[LISTED ENTRIES Boundary: Start]

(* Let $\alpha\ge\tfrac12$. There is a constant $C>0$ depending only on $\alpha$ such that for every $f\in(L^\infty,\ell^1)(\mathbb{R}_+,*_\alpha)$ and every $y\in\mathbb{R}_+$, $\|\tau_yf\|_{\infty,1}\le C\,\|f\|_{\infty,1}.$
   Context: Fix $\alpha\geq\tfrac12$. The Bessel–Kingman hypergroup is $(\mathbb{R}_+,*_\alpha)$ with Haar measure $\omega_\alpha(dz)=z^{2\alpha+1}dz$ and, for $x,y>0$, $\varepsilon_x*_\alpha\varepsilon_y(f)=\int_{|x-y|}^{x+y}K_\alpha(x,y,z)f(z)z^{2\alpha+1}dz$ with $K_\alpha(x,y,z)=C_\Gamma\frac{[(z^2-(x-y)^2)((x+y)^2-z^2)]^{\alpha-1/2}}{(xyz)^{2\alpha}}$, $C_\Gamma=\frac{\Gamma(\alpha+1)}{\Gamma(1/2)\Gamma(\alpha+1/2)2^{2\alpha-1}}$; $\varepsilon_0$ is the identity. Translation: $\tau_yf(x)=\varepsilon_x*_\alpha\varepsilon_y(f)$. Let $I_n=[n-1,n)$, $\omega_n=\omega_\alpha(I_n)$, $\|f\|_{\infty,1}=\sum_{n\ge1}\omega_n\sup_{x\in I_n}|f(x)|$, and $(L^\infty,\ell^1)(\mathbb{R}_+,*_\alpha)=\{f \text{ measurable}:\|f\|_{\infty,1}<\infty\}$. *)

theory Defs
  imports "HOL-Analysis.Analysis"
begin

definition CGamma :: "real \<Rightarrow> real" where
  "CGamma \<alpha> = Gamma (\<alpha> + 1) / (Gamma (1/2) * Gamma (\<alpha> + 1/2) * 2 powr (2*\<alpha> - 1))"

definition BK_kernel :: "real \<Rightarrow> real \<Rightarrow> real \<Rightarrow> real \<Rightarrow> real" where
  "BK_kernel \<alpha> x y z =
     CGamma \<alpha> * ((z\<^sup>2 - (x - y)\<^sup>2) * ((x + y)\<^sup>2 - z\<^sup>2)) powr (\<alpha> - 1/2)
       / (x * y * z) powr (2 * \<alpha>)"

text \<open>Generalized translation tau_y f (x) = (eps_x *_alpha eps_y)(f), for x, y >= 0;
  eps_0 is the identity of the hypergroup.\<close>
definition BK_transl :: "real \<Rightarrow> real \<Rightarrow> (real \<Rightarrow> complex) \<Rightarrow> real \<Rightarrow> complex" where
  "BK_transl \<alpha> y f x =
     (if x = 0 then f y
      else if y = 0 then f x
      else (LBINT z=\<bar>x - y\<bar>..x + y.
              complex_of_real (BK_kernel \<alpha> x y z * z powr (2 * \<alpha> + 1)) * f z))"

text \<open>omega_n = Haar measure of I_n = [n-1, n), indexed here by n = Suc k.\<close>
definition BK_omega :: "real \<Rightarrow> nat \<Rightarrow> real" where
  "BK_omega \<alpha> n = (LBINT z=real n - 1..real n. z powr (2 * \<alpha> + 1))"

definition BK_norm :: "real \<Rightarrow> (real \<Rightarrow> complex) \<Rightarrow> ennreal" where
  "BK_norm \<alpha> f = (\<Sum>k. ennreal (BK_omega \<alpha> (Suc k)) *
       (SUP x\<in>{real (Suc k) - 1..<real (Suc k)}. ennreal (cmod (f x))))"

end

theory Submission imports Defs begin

[LISTED ENTRIES Boundary: End]

PROBLEM:
In the listing above, find the line with "theory Defs" and the line with "CGamma \<alpha> *", then reproduce both and every line between them exactly.

YOUR RESPONSE:
theory Defs
  imports "HOL-Analysis.Analysis"
begin

definition CGamma :: "real \<Rightarrow> real" where
  "CGamma \<alpha> = Gamma (\<alpha> + 1) / (Gamma (1/2) * Gamma (\<alpha> + 1/2) * 2 powr (2*\<alpha> - 1))"

definition BK_kernel :: "real \<Rightarrow> real \<Rightarrow> real \<Rightarrow> real \<Rightarrow> real" where
  "BK_kernel \<alpha> x y z =
     CGamma \<alpha> * ((z\<^sup>2 - (x - y)\<^sup>2) * ((x + y)\<^sup>2 - z\<^sup>2)) powr (\<alpha> - 1/2)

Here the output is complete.